» Work request
For the material below, output exactly the span from the line with "unfolding hproj_def" to the line with "using y assms(1) horth_diff by blast", including both, and nothing besides.

Dataset content START

lemma herm_zero_right [simp]: "herm u 0 = 0"
  by (simp add: herm_def)

lemma Re_herm: "Re (herm u v) = inner u v"
  by (simp add: herm_def inner_vec_def inner_complex_def Re_sum)

lemma herm_self_eq_0_iff: "herm u u = 0 \<longleftrightarrow> u = 0"
  by (metis Re_herm herm_zero_right inner_eq_zero_iff zero_complex.simps(1))

lemma herm_zero_left [simp]: "herm 0 v = 0"
  by (simp add: herm_def)

definition hadj :: "complex^'n^'m \<Rightarrow> complex^'m^'n" where
  "hadj B = cmat (transpose B)"

lemma herm_hadj: "herm (hadj B *v v) x = herm v (B *v x)"
proof -
  have "herm (hadj B *v v) x = (\<Sum>k\<in>UNIV. \<Sum>j\<in>UNIV. v$j * (cnj (B$j$k) * cnj (x$k)))"
    by (simp add: herm_def hadj_def cmat_def transpose_def matrix_vector_mult_def
        sum_distrib_left sum_distrib_right mult_ac)
  also have "\<dots> = herm v (B *v x)"
    by (subst sum.swap) (simp add: herm_def matrix_vector_mult_def cnj_sum sum_distrib_left)
  finally show ?thesis .
qed

lemma horth_herm_eq_0: "u \<in> horth S \<Longrightarrow> v \<in> S \<Longrightarrow> herm u v = 0"
  by (simp add: horth_def)

lemma horth_diff: "u \<in> horth S \<Longrightarrow> v \<in> horth S \<Longrightarrow> u - v \<in> horth S"
  by (simp add: horth_def herm_diff_left)

lemma horth_add: "u \<in> horth S \<Longrightarrow> v \<in> horth S \<Longrightarrow> u + v \<in> horth S"
  by (simp add: horth_def herm_add_left)

lemma horth_scale: "u \<in> horth S \<Longrightarrow> c *s u \<in> horth S"
  by (simp add: horth_def herm_scale_left)

lemma subset_horth_horth: "S \<subseteq> horth (horth S)"
proof
  fix u assume "u \<in> S"
  then show "u \<in> horth (horth S)"
    unfolding horth_def by (auto simp: herm_commute[of u])
qed

lemma hproj_horth_unique:
  assumes "z \<in> horth S" and "x - z \<in> S"
  shows "hproj (horth S) x = z"
  unfolding hproj_def
proof (rule the_equality)
  show "z \<in> horth S \<and> x - z \<in> horth (horth S)"
    using assms subset_horth_horth by blast
next
  fix y assume y: "y \<in> horth S \<and> x - y \<in> horth (horth S)"
  have zy: "z - y \<in> horth S"
    using y assms(1) horth_diff by blast
  have "herm (z - y) (z - y) = herm ((x - y) - (x - z)) (z - y)"
    by simp
  also have "\<dots> = herm (x - y) (z - y) - herm (x - z) (z - y)"
    by (rule herm_diff_left)
  also have "\<dots> = 0"
  proof -
    have "x - z \<in> horth (horth S)"
      using assms(2) subset_horth_horth by blast
    with y zy show ?thesis
      unfolding horth_def by simp
  qed
  finally show "y = z"
    by (simp add: herm_self_eq_0_iff)
qed

lemma hproj_horth:
  assumes "vec.subspace S"
  shows "hproj (horth S) x \<in> horth S" and "x - hproj (horth S) x \<in> S"
proof -
  have scaleR_eq: "c *\<^sub>R v = complex_of_real c *s v" for c and v :: "complex^'m"
    unfolding vec_eq_iff by (simp add: scaleR_conv_of_real[where 'a=complex])
  have "subspace S"
    using assms unfolding vec.subspace_def subspace_def scaleR_eq by blast
  then obtain y z where y: "y \<in> S" and z: "\<And>w. w \<in> S \<Longrightarrow> orthogonal z w" and x: "x = y + z"
    using orthogonal_subspace_decomp_exists[of S x] span_eq_iff by metis
  have "z \<in> horth S"
    unfolding horth_def
  proof (intro CollectI ballI)
    fix v assume "v \<in> S"
    then have "Re (herm z v) = 0" and "Re (herm z (\<i> *s v)) = 0"
      using z vec.subspace_scale[OF assms] by (simp_all add: Re_herm orthogonal_def)
    then show "herm z v = 0"
      by (simp add: herm_scale_right complex_eq_iff)
  qed
  moreover have "x - z \<in> S"
    using x y by simp
  ultimately show "hproj (horth S) x \<in> horth S" and "x - hproj (horth S) x \<in> S"
    using hproj_horth_unique by auto
qed

lemma hproj_horth_eq_iff:
  assumes "vec.subspace S"
  shows "hproj (horth S) x = hproj (horth S) y \<longleftrightarrow> x - y \<in> S"
proof
  assume "hproj (horth S) x = hproj (horth S) y"
  then have "x - y = (x - hproj (horth S) x) - (y - hproj (horth S) y)"
    by simp
  then show "x - y \<in> S"
    using hproj_horth[OF assms] vec.subspace_diff[OF assms] by metis
next
  assume "x - y \<in> S"
  then have "x - hproj (horth S) y \<in> S"
    using hproj_horth(2)[OF assms, of y] vec.subspace_add[OF assms] by fastforce
  then show "hproj (horth S) x = hproj (horth S) y"
    using hproj_horth_unique hproj_horth(1)[OF assms] by blast
qed

lemma hproj_horth_eq_0_iff:
  assumes "vec.subspace S"
  shows "hproj (horth S) x = 0 \<longleftrightarrow> x \<in> S"
proof
  show "hproj (horth S) x = 0 \<Longrightarrow> x \<in> S"
    using hproj_horth(2)[OF assms, of x] by simp
  show "x \<in> S \<Longrightarrow> hproj (horth S) x = 0"
    by (rule hproj_horth_unique) (simp_all add: horth_def)
qed

lemma linear_hproj_horth:
  assumes "vec.subspace S"
  shows "Vector_Spaces.linear (*s) (*s) (hproj (horth S))"
proof -
  let ?P = "hproj (horth S)"
  note P = hproj_horth[OF assms]
  have "?P (x + y) = ?P x + ?P y" for x y
  proof (rule hproj_horth_unique)
    show "?P x + ?P y \<in> horth S"
      using P horth_add by blast
    have "x + y - (?P x + ?P y) = (x - ?P x) + (y - ?P y)"
      by simp
    then show "x + y - (?P x + ?P y) \<in> S"
      using P vec.subspace_add[OF assms] by metis
  qed
  moreover have "?P (c *s x) = c *s ?P x" for c x
  proof (rule hproj_horth_unique)
    show "c *s ?P x \<in> horth S"
      using P horth_scale by blast
    have "c *s x - c *s ?P x = c *s (x - ?P x)"
      by (simp add: vec.scale_right_diff_distrib)
    then show "c *s x - c *s ?P x \<in> S"
      using P vec.subspace_scale[OF assms] by metis
  qed
  ultimately show ?thesis
    by (simp add: Vector_Spaces.linear_iff vec.vector_space_axioms)
qed
lemma free_mod_congruent_multiple:
  assumes C: "is_submod C" and v: "v \<in> free_mod X"
    and basis: "\<And>i. i \<in> X \<Longrightarrow> c i \<in> C \<and> (\<lambda>j. if j = i then 1 else 0) = (\<lambda>j. r i * w j + c i j)"
  shows "\<exists>c'\<in>C. v = (\<lambda>j. (\<Sum>i\<in>{i. v i \<noteq> 0}. v i * r i) * w j + c' j)"
proof -
  define D where "D = {i. v i \<noteq> 0}"
  have "finite D" and "D \<subseteq> X"
    using v by (auto simp: free_mod_def D_def)
  have basis_at: "(if j = i then 1 else 0) = r i * w j + c i j" if "i \<in> X" for i j
    using fun_cong[OF conjunct2[OF basis[OF that]], of j] by simp
  have pointwise: "v j = (\<Sum>i\<in>D. v i * r i) * w j + (\<Sum>i\<in>D. v i * c i j)" for j
  proof -
    have "v j = (\<Sum>i\<in>D. v i * (if j = i then 1 else 0))"
      using \<open>finite D\<close> by (simp add: D_def if_distrib[of "(*) _"] cong: if_cong)
    also have "\<dots> = (\<Sum>i\<in>D. v i * (r i * w j + c i j))"
    proof (rule sum.cong[OF refl])
      fix i assume "i \<in> D"
      with \<open>D \<subseteq> X\<close> have "i \<in> X"
        by blast
      then show "v i * (if j = i then 1 else 0) = v i * (r i * w j + c i j)"
        by (simp only: basis_at)
    qed
    also have "\<dots> = (\<Sum>i\<in>D. v i * r i) * w j + (\<Sum>i\<in>D. v i * c i j)"
      by (simp add: distrib_left sum.distrib sum_distrib_right mult.assoc)
    finally show ?thesis .
  qed
  have "v = (\<lambda>j. (\<Sum>i\<in>D. v i * r i) * w j + (\<Sum>i\<in>D. v i * c i j))"
    by (rule ext, rule pointwise)
  moreover have "(\<lambda>j. \<Sum>i\<in>D. v i * c i j) \<in> C"
    using C basis \<open>D \<subseteq> X\<close> \<open>finite D\<close> by (intro is_submod_sum) (auto simp: is_submod_def)
  ultimately show ?thesis
    unfolding D_def by (rule bexI)
qed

Dataset content END

» Answer
  unfolding hproj_def
proof (rule the_equality)
  show "z \<in> horth S \<and> x - z \<in> horth (horth S)"
    using assms subset_horth_horth by blast
next
  fix y assume y: "y \<in> horth S \<and> x - y \<in> horth (horth S)"
  have zy: "z - y \<in> horth S"
    using y assms(1) horth_diff by blast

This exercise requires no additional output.